Может, самим во всём разобраться?
Пошли ребята на улицу. А на улице урчат громадные грузовики. У них в кузовах песок и какой-то серый порошок, мелкий-мелкий, как дорожная пыль. А на других грузовиках трубы и кирпичи, большие плиты — их называют блоками. Грузовики выстроились друг за другом в длинную очередь. Очередь тянется вдоль забора и исчезает за поворотом.
Когда последний грузовик проурчал мимо, ребята, взявшись за руки, перебежали дорогу.
Чох, чох! — ухало что-то за оградой.
— Кто это там чохает? — с беспокойством спросил Почемука.
— Я, когда была в зверинце, — ответила Ириха, — то там тоже кто-то пыхтел. Только я не знаю кто. Было очень много взрослых, и я между их ногами разглядела большие лапы с когтями.
Вдруг за оградой что-то пронзительно завизжало. Ириха вздрогнула и замолчала.
— Не бойся, — успокоил ее Митяй, — в деревне у бабы Кати поросёнок всегда так визжит, когда голодный.
— Нет, это не простой поросёнок, — опасливо прошептала Ириха. — Он дикий. Я его в зверинце видела. Только он визжал потише.

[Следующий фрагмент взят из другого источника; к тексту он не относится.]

lemma sum_swap_4:
  "(\<Sum>a\<in>A. \<Sum>b\<in>B. \<Sum>c\<in>C. \<Sum>d\<in>D. f a b c d) = (\<Sum>c\<in>C. \<Sum>d\<in>D. \<Sum>a\<in>A. \<Sum>b\<in>B. f a b c d)"
proof -
  have "(\<Sum>a\<in>A. \<Sum>b\<in>B. \<Sum>c\<in>C. \<Sum>d\<in>D. f a b c d) = (\<Sum>a\<in>A. \<Sum>c\<in>C. \<Sum>b\<in>B. \<Sum>d\<in>D. f a b c d)"
    by (intro sum.cong refl sum.swap)
  also have "\<dots> = (\<Sum>c\<in>C. \<Sum>a\<in>A. \<Sum>d\<in>D. \<Sum>b\<in>B. f a b c d)"
    by (subst sum.swap) (intro sum.cong refl sum.swap)
  also have "\<dots> = (\<Sum>c\<in>C. \<Sum>d\<in>D. \<Sum>a\<in>A. \<Sum>b\<in>B. f a b c d)"
    by (intro sum.cong refl sum.swap)
  finally show ?thesis .
qed

context
  fixes B :: "'x \<Rightarrow> 'x \<Rightarrow> 'b set"
    and dlt :: "'x \<Rightarrow> 'x \<Rightarrow> 'x \<Rightarrow> 'b \<Rightarrow> 'b \<times> 'b \<Rightarrow> 'k::field"
    and eps :: "'x \<Rightarrow> 'b \<Rightarrow> 'k"
    and sA :: "'k \<Rightarrow> 'a::ring_1 \<Rightarrow> 'a"
    and psi :: "'x \<Rightarrow> 'x \<Rightarrow> 'b \<Rightarrow> 'a \<Rightarrow> 'b \<Rightarrow> 'a"
    and M :: "('x, 'm::ab_group_add, 'a, 'b) ectr"
  assumes M: "entw_ctr B dlt eps sA psi M"
begin

lemma entw_ctr_act_closed: "m \<in> ecar M X \<Longrightarrow> eact M X a m \<in> ecar M X"
  using M unfolding entw_ctr_def by meson

lemma entw_ctr_act_mult: "m \<in> ecar M X \<Longrightarrow> eact M X (a * b) m = eact M X a (eact M X b m)"
  using M unfolding entw_ctr_def by meson

lemma entw_ctr_act_add_left: "m \<in> ecar M X \<Longrightarrow> eact M X (a + b) m = eact M X a m + eact M X b m"
  using M unfolding entw_ctr_def by meson

lemma entw_ctr_pi_closed: "\<phi> \<in> B X Y \<rightarrow>\<^sub>E ecar M Y \<Longrightarrow> epi M X Y \<phi> \<in> ecar M X"
  using M unfolding entw_ctr_def by meson

lemma entw_ctr_pi_add:
  "\<phi> \<in> B X Y \<rightarrow>\<^sub>E ecar M Y \<Longrightarrow> \<phi>' \<in> B X Y \<rightarrow>\<^sub>E ecar M Y \<Longrightarrow>
    epi M X Y (\<lambda>s\<in>B X Y. \<phi> s + \<phi>' s) = epi M X Y \<phi> + epi M X Y \<phi>'"
  using M unfolding entw_ctr_def by meson

lemma entw_ctr_pi_assoc:
  "\<Phi> \<in> (B Y Z \<times> B X Y) \<rightarrow>\<^sub>E ecar M Z \<Longrightarrow>
    epi M X Z (\<lambda>s\<in>B X Z. \<Sum>pq\<in>{pq \<in> B Y Z \<times> B X Y. dlt X Y Z s pq \<noteq> 0}. kact sA M Z (dlt X Y Z s pq) (\<Phi> pq))
  = epi M X Y (\<lambda>q\<in>B X Y. epi M Y Z (\<lambda>p\<in>B Y Z. \<Phi> (p, q)))"
  using M unfolding entw_ctr_def by meson

lemma entw_ctr_pi_counit: "m \<in> ecar M X \<Longrightarrow> epi M X X (\<lambda>s\<in>B X X. kact sA M X (eps X s) m) = m"
  using M unfolding entw_ctr_def by meson

lemma entw_ctr_act_pi:
  "\<phi> \<in> B X Y \<rightarrow>\<^sub>E ecar M Y \<Longrightarrow>
    eact M X a (epi M X Y \<phi>)
  = epi M X Y (\<lambda>s\<in>B X Y. \<Sum>u\<in>{u \<in> B X Y. psi X Y s a u \<noteq> 0}. eact M Y (psi X Y s a u) (\<phi> u))"
  using M unfolding entw_ctr_def by meson

lemma entw_ctr_act_zero: "m \<in> ecar M X \<Longrightarrow> eact M X 0 m = 0"
  using entw_ctr_act_add_left[of m X 0 0] by simp

lemma entw_ctr_act_sum: "m \<in> ecar M X \<Longrightarrow> eact M X (sum g A) m = (\<Sum>x\<in>A. eact M X (g x) m)"
  by (induction A rule: infinite_finite_induct) (simp_all add: entw_ctr_act_zero entw_ctr_act_add_left)

end

locale algebra_over_field =
  fixes sA :: "'k::field \<Rightarrow> 'a::ring_1 \<Rightarrow> 'a"
  assumes k_algebra: "k_algebra sA"
begin

lemma sA_sA: "sA k (sA l a) = sA (k * l) a"
  using k_algebra unfolding k_algebra_def by blast

lemma sA_one: "sA 1 a = a"
  using k_algebra unfolding k_algebra_def by blast

lemma sA_add_left: "sA (k + l) a = sA k a + sA l a"
  using k_algebra unfolding k_algebra_def by blast

lemma sA_add_right: "sA k (a + b) = sA k a + sA k b"
  using k_algebra unfolding k_algebra_def by blast

lemma sA_mult_left: "sA k (a * b) = sA k a * b"
  using k_algebra unfolding k_algebra_def by blast

lemma sA_mult_right: "sA k (a * b) = a * sA k b"
  using k_algebra unfolding k_algebra_def by blast

lemma sA_zero_left [simp]: "sA 0 a = 0"
  using sA_add_left[of 0 0 a] by simp

lemma sA_zero_right [simp]: "sA k 0 = 0"
  using sA_add_right[of k 0 0] by simp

— Значит, их много, может, сто! — сказал Мишука.
Ириха поёжилась.
— Пойдёмте лучше домой!
— Не бойся, у меня же молоток есть! — успокоил её Митяй и вытащил из кармана свой блестящий молоток, с которым никогда не расставался.
Ириха сразу повеселела и перестала проситься домой.
Вот и забор. Издалека он казался низким, а вблизи будто вырос.
— Давайте найдём в заборе щёлочку и посмотрим, — предложил Мишука.
— А вдруг Чох-чох тебе глаз когтями выцарапает? — страшным шёпотом спросила Ириха.
— Не выцарапает. Мы будем в узкую щёлочку смотреть, в неё лапа не пролезет.
Мишука нашёл щёлку да так и прилип к ней.
— Ну говори, что там?
От нетерпения Ириха и Митяй стали дёргать его сзади за штаны.
— Ничего не видно!
Наконец Мишука уступил место. Стали Ириха и Митяй по очереди в щёлку смотреть. И верно: перед глазами одни серые блоки — всё загородили.
Пошли ребята другие щёлки искать. Много щёлок нашли, но так ничего и не увидели. Значит, надо пробраться за ограду. А узнать, что там, по ту сторону, хочется все сильнее. Просто невмоготу!
Мимо медленно проехал грузовик с прицепом.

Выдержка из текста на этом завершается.